Who's really college-ready?

Who's really college-ready?

Colleges shouldn't have to be doing remediation

The State University system spends $70 million a year on remediation — i.e. teaching incoming students what they needed to learn in high school to make them college-ready, but didn’t. And the students themselves have to spend time and money, usually borrowed, to take non-credit courses to get them up to snuff. It’s a waste, and SUNY Chancellor Nancy Zimpher wants to do something about it.

Ideally, that something would be to make sure every student applying for admission to college could handle the work.

Unfortunately, that is far from the current reality. While the graduation rate statewide is 74 percent, just 34 percent of graduates are college-ready, according to the state Education Department. This despite their passing grades on local exams, standardized tests and Regents, and all the talk of higher standards. Obviously, plenty of kids just get pushed along and told they should go to college and are ready for it — even if they probably shouldn’t, and aren’t.

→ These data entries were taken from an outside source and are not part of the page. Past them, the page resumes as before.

lemma final_amplitude:
  assumes "s < n" "rs0 \<in> samples"
  shows "final_state n W x U_init Us (state_idx (hadamard k s) m (s, rs0))
    = (if agrees x s rs0 then complex_of_real (amp0 * walsh_coeff x s / sqrt n) else 0)"
proof -
  have "(s, rs0) \<in> L"
    using assms by (simp add: L_def)
  then have "final_state n W x U_init Us (state_idx (hadamard k s) m (s, rs0))
     = (\<Sum>l\<in>L. complex_of_real (sign x (fst l) * amp0) *
          U_hadamard (state_idx (hadamard k s) m (s, rs0)) (state_idx x m l))"
    unfolding final_state_eq
    by (simp add: mat_app_superpos[OF finite_L state_idx_less] state_idx_less case_prod_unfold)
  also have "\<dots> = (\<Sum>(t, rs)\<in>{..<n} \<times> samples. complex_of_real (sign x t * amp0) *
          (if rs = rs0 \<and> agrees x s rs0 then hadamard_mat s t else 0))"
    unfolding L_def by (rule sum.cong) (auto simp: U_hadamard_entry[OF assms] L_def)
  also have "\<dots> = (if agrees x s rs0 then \<Sum>t<n. complex_of_real (sign x t * amp0) * hadamard_mat s t else 0)"
    using assms(2) finite_samples
    by (simp add: sum.cartesian_product[symmetric] if_distrib[of "(*) _"] sum.If_cases Int_absorb1
        cong: if_cong)
  also have "\<dots> = (if agrees x s rs0 then complex_of_real (amp0 * walsh_coeff x s / sqrt n) else 0)"
    by (simp add: walsh_coeff_def hadamard_mat_def sum_distrib_left sum_divide_distrib algebra_simps)
  finally show ?thesis .
qed

definition accepting :: "nat set \<Rightarrow> nat set" where
  "accepting A = (\<lambda>(s, rs). state_idx (hadamard k s) m (s, rs)) ` (A \<times> samples)"

definition agreement :: "(nat \<Rightarrow> bool) \<Rightarrow> nat \<Rightarrow> nat set" where
  "agreement x s = {r. r < n \<and> x r = hadamard k s r}"

lemma inj_accepting: "inj_on (\<lambda>(s, rs). state_idx (hadamard k s) m (s, rs)) (A \<times> samples)"
proof (rule inj_onI, clarsimp)
  fix s rs s' rs'
  assume rs: "rs \<in> samples" "rs' \<in> samples"
    and eq: "state_idx (hadamard k s) m (s, rs) = state_idx (hadamard k s') m (s', rs')"
  then have "basis_idx W s False (workspace 0 (transcript (hadamard k s) m rs))
      = basis_idx W s' False (workspace 0 (transcript (hadamard k s') m rs'))"
    by (simp add: state_idx_def)
  then have "s = s' \<and> transcript (hadamard k s) m rs = transcript (hadamard k s') m rs'"
    using basis_workspace_inj[OF B_pos B_pos transcript_digits[OF rs(1)] transcript_digits[OF rs(2)]]
    by blast
  then show "s = s' \<and> rs = rs'"
    using transcript_eq_iff[OF rs] by auto
qed

lemma card_agrees: "card {rs \<in> samples. agrees x s rs} = card (agreement x s) ^ m"
proof -
  have "{rs \<in> samples. agrees x s rs} = {rs. set rs \<subseteq> agreement x s \<and> length rs = m}"
    by (auto simp: samples_def agrees_def agreement_def in_set_conv_nth dest: subsetD[OF _ nth_mem])
  then show ?thesis
    by (simp add: card_lists_length_eq agreement_def)
qed

lemma accept_prob_eq:
  assumes "A \<subseteq> {..<n}"
  shows "accept_prob n W x U_init Us (accepting A)
    = (\<Sum>s\<in>A. (real (card (agreement x s)) / n) ^ m * (walsh_coeff x s / n)\<^sup>2)"
proof -
  have sq: "(amp0 * walsh_coeff x s / sqrt n)\<^sup>2 = (walsh_coeff x s)\<^sup>2 / n ^ (m + 2)" for s
    by (simp add: amp0_def power_divide power_mult_distrib)
  have amp: "(cmod (final_state n W x U_init Us (state_idx (hadamard k s) m (s, rs))))\<^sup>2
      = (if agrees x s rs then (walsh_coeff x s)\<^sup>2 / n ^ (m + 2) else 0)"
    if "s \<in> A" "rs \<in> samples" for s rs
  proof -
    have "s < n"
      using that assms by auto
    then show ?thesis
      unfolding final_amplitude[OF \<open>s < n\<close> that(2)]
      by (simp only: if_distrib[of cmod] if_distrib[of power2] norm_of_real power2_abs sq) simp
  qed
  have "accept_prob n W x U_init Us (accepting A)
      = (\<Sum>s\<in>A. \<Sum>rs\<in>samples. if agrees x s rs then (walsh_coeff x s)\<^sup>2 / n ^ (m + 2) else 0)"
    unfolding accept_prob_def accepting_def
    by (auto simp: sum.reindex[OF inj_accepting] sum.cartesian_product amp intro!: sum.cong)
  also have "\<dots> = (\<Sum>s\<in>A. (real (card (agreement x s)) / n) ^ m * (walsh_coeff x s / n)\<^sup>2)"
    by (simp add: sum.inter_filter[OF finite_samples, symmetric] card_agrees power_divide
        power_add power2_eq_square field_simps)
  finally show ?thesis .
qed

lemma accept_prob_member:
  assumes "A \<subseteq> {..<n}" "x \<in> P_A k A"
  shows "accept_prob n W x U_init Us (accepting A) = 1"
proof -
  obtain y where y: "y \<in> A" "\<forall>i<n. x i = hadamard k y i"
    using assms(2) by (auto simp: P_A_def)
  have "y < n"
    using y assms(1) by auto
  have "walsh_coeff x s = (if s = y then n else 0)" if "s \<in> A" for s
  proof -
    have "walsh_coeff x s = (\<Sum>t<n. walsh k y t * walsh k s t)"
      unfolding walsh_coeff_def using y by (intro sum.cong) (simp_all add: sign_def walsh_def hadamard_def)
    then show ?thesis
      using walsh_orthogonal[OF \<open>y < n\<close>, of s] that assms(1) by auto
  qed
  moreover have "agreement x y = {..<n}"
    using y by (auto simp: agreement_def)
  ultimately have "accept_prob n W x U_init Us (accepting A) = (\<Sum>s\<in>A. if s = y then 1 else 0)"
    unfolding accept_prob_eq[OF assms(1)] by (intro sum.cong) auto
  also have "\<dots> = 1"
    using y(1) finite_subset[OF assms(1)] by simp
  finally show ?thesis .
qed

lemma card_agreement_far:
  fixes \<epsilon> :: real
  assumes "eps_far n \<epsilon> (P_A k A) x" "s \<in> A"
  shows "real (card (agreement x s)) < (1 - \<epsilon>) * n"
proof -
  have "{..<n} = agreement x s \<union> {i. i < n \<and> x i \<noteq> hadamard k s i}"
    "agreement x s \<inter> {i. i < n \<and> x i \<noteq> hadamard k s i} = {}"
    by (auto simp: agreement_def)
  then have "card (agreement x s) + hdist n x (hadamard k s) = n"
    unfolding hdist_def by (metis card_Un_disjoint card_lessThan finite_Un finite_lessThan)
  then have "real (card (agreement x s)) + real (hdist n x (hadamard k s)) = n"
    using of_nat_add by metis
  moreover have "\<epsilon> * n < hdist n x (hadamard k s)"
    using assms hadamard_in_P_A by (auto simp: eps_far_def)
  ultimately show ?thesis
    unfolding left_diff_distrib by linarith
qed

lemma sum_walsh_coeff_sq: "(\<Sum>s<n. (walsh_coeff x s / n)\<^sup>2) = 1"
proof -
  have "(sign x t)\<^sup>2 = 1" for t
    by (simp add: sign_def)
  then have "(\<Sum>s<n. (walsh_coeff x s)\<^sup>2) = n * n"
    using walsh_parseval[where f = "sign x" and k = k] by (simp add: walsh_coeff_def)
  then show ?thesis
    by (simp add: power_divide power2_eq_square flip: sum_divide_distrib)
qed

lemma accept_prob_far:
  fixes \<epsilon> :: real
  assumes "A \<subseteq> {..<n}" "\<epsilon> \<le> 1" "eps_far n \<epsilon> (P_A k A) x"
  shows "accept_prob n W x U_init Us (accepting A) \<le> (1 - \<epsilon>) ^ m"
proof -
  have "accept_prob n W x U_init Us (accepting A)
      = (\<Sum>s\<in>A. (real (card (agreement x s)) / n) ^ m * (walsh_coeff x s / n)\<^sup>2)"
    by (rule accept_prob_eq[OF assms(1)])
  also have "\<dots> \<le> (\<Sum>s\<in>A. (1 - \<epsilon>) ^ m * (walsh_coeff x s / n)\<^sup>2)"
    using card_agreement_far[OF assms(3)]
    by (intro sum_mono mult_right_mono power_mono) (auto simp: pos_divide_le_eq less_imp_le)
  also have "\<dots> \<le> (\<Sum>s<n. (1 - \<epsilon>) ^ m * (walsh_coeff x s / n)\<^sup>2)"
    using assms(1,2) by (intro sum_mono2) auto
  also have "\<dots> = (1 - \<epsilon>) ^ m"
    unfolding sum_distrib_left[symmetric] sum_walsh_coeff_sq by simp
  finally show ?thesis .
qed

Zimpher’s proposed remedy is a test for high-schoolers to take at the end of their sophomore year so they and their teachers can identify deficiencies and start correcting them before graduation. She says she and Education Commissioner John King will work together, meeting once a month, until a test can be developed.

The Education Department has already done some things to assess, and improve, college-readiness. It has made a minimum score of 75 on English and math Regents exams the yardstick, compared to a passing grade of 65. And it’s moving toward a common core curriculum, which will ensure that students in all schools cover the same basic material and are taught the same basic skills.

But two Regents exam scores are a pretty crude, limited measure, especially since they are curved. And the common core curriculum is still being developed.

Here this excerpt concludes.